Lesson: The whole is equal to the sum of its parts, and at the same time, the HOLE is equal to the sum of its part. Work to improve performance while working the corrective strategies needed, both on a team and individual basis.
Understanding that, as Dan John said, “the goal is to keep the goal the goal”, Cal brought programming back into focus in his presentation. His methods, which can be found in his book here, are unique, but very focused because “the more specific we can make the stress, the farther we can push the organism to the direction we want it to be.” Keeping a focus to your training and making sure that your training is within that focus is the best way possible to lead to the adaptations to your athletes. Although this sounds simple, in reality it is a very complex, specified, and important concept to follow.
Lesson: Find what qualities need to be improved with that athlete and design the training to stress the athlete to improve the specific quality.

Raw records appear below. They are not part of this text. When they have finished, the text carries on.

(* Let $(X,b,m)$ be a connected weighted graph satisfying conditions (B) and (M). Let $\Omega\subset X$ be non-empty with $\Omega\ne X$, and assume $\mathrm{vol}(\Omega)<\infty$ and $\mathrm{Inr}(\Omega)<\infty$. Then: (a) $\displaystyle \lambda_\Omega\ge \frac{1}{\mathrm{Inr}(\Omega)\,\mathrm{vol}(\Omega)}$. (b) If moreover $\mathrm{vol}(X)<\infty$, then $\displaystyle \lambda_\Omega\le \|H\|\,\frac{\mathrm{vol}(X)-\mathrm{vol}(\Omega)}{\mathrm{vol}(X)}$.
   Context: A weighted graph $(X,b,m)$ consists of a countable set $X$, a symmetric function $b:X\times X\to[0,\infty)$ with $b(x,x)=0$ and $\sum_{y}b(x,y)<\infty$ for all $x$, and $m:X\to(0,\infty)$; $\mathrm{vol}(A):=\sum_{x\in A}m(x)$. Condition (B): $\delta:=\sup_{x}\frac{1}{m(x)}\sum_{y}b(x,y)<\infty$. Condition (M): $\sup_x m(x)<\infty$. On $\ell^2(X,m)=\{f:X\to\mathbb{C}: \sum_x|f(x)|^2m(x)<\infty\}$ consider the bounded form $\mathcal{E}(f,g)=\frac12\sum_{x,y}b(x,y)(f(x)-f(y))(\overline{g(x)}-\overline{g(y)})$ and the associated bounded selfadjoint operator $(Hf)(x)=\frac{1}{m(x)}\sum_y b(x,y)(f(x)-f(y))$. A path is $\gamma=(x_0,\dots,x_k)$ with $b(x_j,x_{j+1})>0$, of length $L(\gamma)=\sum_{j=0}^{k-1}1/b(x_j,x_{j+1})$ (trivial paths have length $0$); connected means any two points are joined by a path; $d(x,y)$ is the infimum of lengths of paths from $x$ to $y$, and $U_r(x):=\{y: d(x,y)<r\}$. For $\Omega\subset X$, identify $\ell^2(\Omega,m)$ with $\{f\in\ell^2(X,m): f=0 \text{ on } X\setminus\Omega\}$; $\mathcal{E}_\Omega$ is the restriction of $\mathcal{E}$ to this space, $H_\Omega$ the associated selfadjoint operator on $\ell^2(\Omega,m)$ (the Dirichlet Laplacian), and $\lambda_\Omega:=\min\sigma(H_\Omega)$. The inradius is $\mathrm{Inr}(\Omega):=\sup\{r>0:\exists x\in\Omega \text{ with } U_r(x)\subset\Omega\}$. *)

theory Defs
  imports "HOL-Analysis.Analysis"
begin
lemma countable_right_isolated:
  fixes E :: "real set"
  shows "countable {x\<in>E. \<exists>h>0. E \<inter> {x<..<x + h} = {}}"
    (is "countable ?S")
proof -
  have "\<forall>x\<in>?S. \<exists>q. q \<in> \<rat> \<and> x < q \<and> (\<forall>c\<in>E. c \<le> x \<or> q < c)"
  proof
    fix x
    assume "x \<in> ?S"
    then obtain h where "h > 0" and h: "E \<inter> {x<..<x + h} = {}"
      by blast
    then obtain q where "q \<in> \<rat>" "x < q" "q < x + h"
      using Rats_dense_in_real[of x "x + h"] by auto
    moreover have "\<forall>c\<in>E. c \<le> x \<or> q < c"
      using h \<open>q < x + h\<close> by (auto simp: disjoint_iff)
    ultimately show "\<exists>q. q \<in> \<rat> \<and> x < q \<and> (\<forall>c\<in>E. c \<le> x \<or> q < c)"
      by blast
  qed
  from bchoice[OF this] obtain q
    where q: "\<forall>x\<in>?S. q x \<in> \<rat> \<and> x < q x \<and> (\<forall>c\<in>E. c \<le> x \<or> q x < c)"
    ..
  have "strict_mono_on ?S q"
  proof (rule strict_mono_onI)
    fix x y
    assume "x \<in> ?S" "y \<in> ?S" "x < y"
    have "y \<in> E"
      using \<open>y \<in> ?S\<close> by simp
    then have "q x < y"
      using bspec[OF q \<open>x \<in> ?S\<close>] \<open>x < y\<close> by auto
    also have "y < q y"
      using bspec[OF q \<open>y \<in> ?S\<close>] by simp
    finally show "q x < q y" .
  qed
  then have "inj_on q ?S"
    by (rule strict_mono_on_imp_inj_on)
  moreover have "q ` ?S \<subseteq> \<rat>"
    using q by auto
  then have "countable (q ` ?S)"
    using countable_rat countable_subset by blast
  ultimately show ?thesis
    by (rule countable_image_inj_on[rotated])
qed
lemma hausdorff_dist_tendsto_zero_nearby:
  fixes X Y :: "nat \<Rightarrow> 'a::metric_space set"
  assumes "\<And>n. compact (X n)" "\<And>n. Y n \<noteq> {}"
    and "(\<lambda>n. hausdorff_dist (X n) (Y n)) \<longlonglongrightarrow> 0" and "\<And>n. x n \<in> X n"
  shows "\<exists>y. (\<forall>n. y n \<in> Y n) \<and> (\<lambda>n. dist (x n) (y n)) \<longlonglongrightarrow> 0"
proof -
  have "\<forall>n. \<exists>z. z \<in> Y n \<and> dist (x n) z < hausdorff_dist (X n) (Y n) + inverse (real (Suc n))"
  proof
    fix n
    have "infdist (x n) (Y n) < hausdorff_dist (X n) (Y n) + inverse (real (Suc n))"
      using infdist_le_hausdorff_dist[OF assms(1)[of n] assms(4)[of n], of "Y n"]
        positive_imp_inverse_positive[of "real (Suc n)"] by linarith
    then show "\<exists>z. z \<in> Y n \<and> dist (x n) z < hausdorff_dist (X n) (Y n) + inverse (real (Suc n))"
      using infdist_less_imp_dist_less[OF assms(2)] by blast
  qed
  from choice[OF this] obtain y where
    y: "\<forall>n. y n \<in> Y n \<and> dist (x n) (y n) < hausdorff_dist (X n) (Y n) + inverse (real (Suc n))"
    by blast
  have "(\<lambda>n. hausdorff_dist (X n) (Y n) + inverse (real (Suc n))) \<longlonglongrightarrow> 0"
    using tendsto_add[OF assms(3) LIMSEQ_inverse_real_of_nat] by simp
  then have "(\<lambda>n. dist (x n) (y n)) \<longlonglongrightarrow> 0"
    by (rule LIMSEQ_zero_dominated[rotated 2]) (use y in \<open>simp_all add: less_imp_le\<close>)
  with y show ?thesis by blast
qed

lemma LIMSEQ_dist_zero_imp_same_limit:
  fixes x y :: "nat \<Rightarrow> 'a::metric_space"
  assumes "(\<lambda>n. dist (x n) (y n)) \<longlonglongrightarrow> 0" "x \<longlonglongrightarrow> a"
  shows "y \<longlonglongrightarrow> a"
proof -
  have "(\<lambda>n. dist (x n) a) \<longlonglongrightarrow> 0" using assms(2) by (rule tendsto_dist_iff[THEN iffD1])
  then have "(\<lambda>n. dist (x n) (y n) + dist (x n) a) \<longlonglongrightarrow> 0"
    using tendsto_add[OF assms(1)] by simp
  then have "(\<lambda>n. dist (y n) a) \<longlonglongrightarrow> 0"
    by (rule LIMSEQ_zero_dominated[OF zero_le_dist dist_triangle3])
  then show ?thesis by (rule tendsto_dist_iff[THEN iffD2])
qed

lemma hausdorff_limit_mem:
  fixes A :: "nat \<Rightarrow> 'a::metric_space set"
  assumes "\<And>n. compact (A n)" "K \<noteq> {}" "closed K"
    and "(\<lambda>n. hausdorff_dist (A n) K) \<longlonglongrightarrow> 0"
    and "\<And>n. x n \<in> A n" "x \<longlonglongrightarrow> y"
  shows "y \<in> K"
proof -
  obtain k where k: "\<And>n. k n \<in> K" "(\<lambda>n. dist (x n) (k n)) \<longlonglongrightarrow> 0"
    using hausdorff_dist_tendsto_zero_nearby[of A "\<lambda>_. K", OF assms(1) _ assms(4,5)] assms(2)
    by blast
  have "k \<longlonglongrightarrow> y"
    using k(2) assms(6) by (rule LIMSEQ_dist_zero_imp_same_limit)
  then show ?thesis using k(1) \<open>closed K\<close> closed_sequentially by blast
qed

lemma hausdorff_limit_approx:
  fixes A :: "nat \<Rightarrow> 'a::metric_space set"
  assumes "\<And>n. A n \<noteq> {}" "compact K"
    and "(\<lambda>n. hausdorff_dist (A n) K) \<longlonglongrightarrow> 0" and "y \<in> K"
  shows "\<exists>x. (\<forall>n. x n \<in> A n) \<and> x \<longlonglongrightarrow> y"
proof -
  have "(\<lambda>n. hausdorff_dist K (A n)) \<longlonglongrightarrow> 0"
    using assms(3) by (simp only: hausdorff_dist_commute[of K])
  then obtain x where "\<forall>n. x n \<in> A n" "(\<lambda>n. dist y (x n)) \<longlonglongrightarrow> 0"
    using hausdorff_dist_tendsto_zero_nearby[of "\<lambda>_. K" A "\<lambda>_. y", OF assms(2) assms(1) _ assms(4)]
    by blast
  then show ?thesis using LIMSEQ_dist_zero_imp_same_limit[OF _ tendsto_const] by blast
qed

lemma nonexpansive_tendsto_compose:
  fixes g :: "nat \<Rightarrow> 'a::metric_space \<Rightarrow> 'b::metric_space"
  assumes "\<And>n x y. dist (g n x) (g n y) \<le> dist x y" "x \<longlonglongrightarrow> a" "(\<lambda>n. g n a) \<longlonglongrightarrow> b"
  shows "(\<lambda>n. g n (x n)) \<longlonglongrightarrow> b"
proof (rule LIMSEQ_dist_zero_imp_same_limit[OF _ assms(3)])
  have "(\<lambda>n. dist (x n) a) \<longlonglongrightarrow> 0" using assms(2) by (rule tendsto_dist_iff[THEN iffD1])
  then show "(\<lambda>n. dist (g n a) (g n (x n))) \<longlonglongrightarrow> 0"
    by (rule LIMSEQ_zero_dominated[rotated 2]) (simp_all add: assms(1) dist_commute)
qed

Monitoring the readiness of your athletes and understanding what the technology you are utilizing is telling you is an important aspect of preparing your athletes at the proper volumes and intensities. Joel’s discussion on monitoring training was exactly what people needed because too many people don’t understand how to actually utilize the information that their monitoring device (be it Omegawave, iThlete, BioForce, or whatever it may be) provides. Tracking the information and finding trends, correlations, and actually learning what it means to each athlete you work with is what is needed to understand the load that the athlete will be able to accommodate to at that point in time.
Lesson: Quantifying the response to the training and then actually training is crucial to actually prepare your athletes with the proper volume and intensities to have consistent improvement.
Landon Evans is a rare individual in our field. He not only has the ability to control the athlete’s physical preparation, but also has the legal ability to provide actual nutritional advice. That to me is huge. One of the reasons I feel that track and field coaches can provide the best information is because they can control every aspect of the athlete’s preparation, and Landon is very close to being able to do that. He dove into the entire training process, from his evaluations/screening procedures for athletes, to programming, to nutrition, to how practice influences physical preparation. Basically, Landon gave our audience a look at the whole movie, not just a preview, and held no punches: develop relationships with coaches, understand what they are doing to the kids in practice, attempt to educate them, train the athletes accordingly, but actually TRAIN them, and do it right.
Lesson: Everything matters and needs to be accounted for in every aspect of what we do. This means practice needs to be accounted for with how we handle our athletes, and it also means that athletes need to be held accountable for what they are doing.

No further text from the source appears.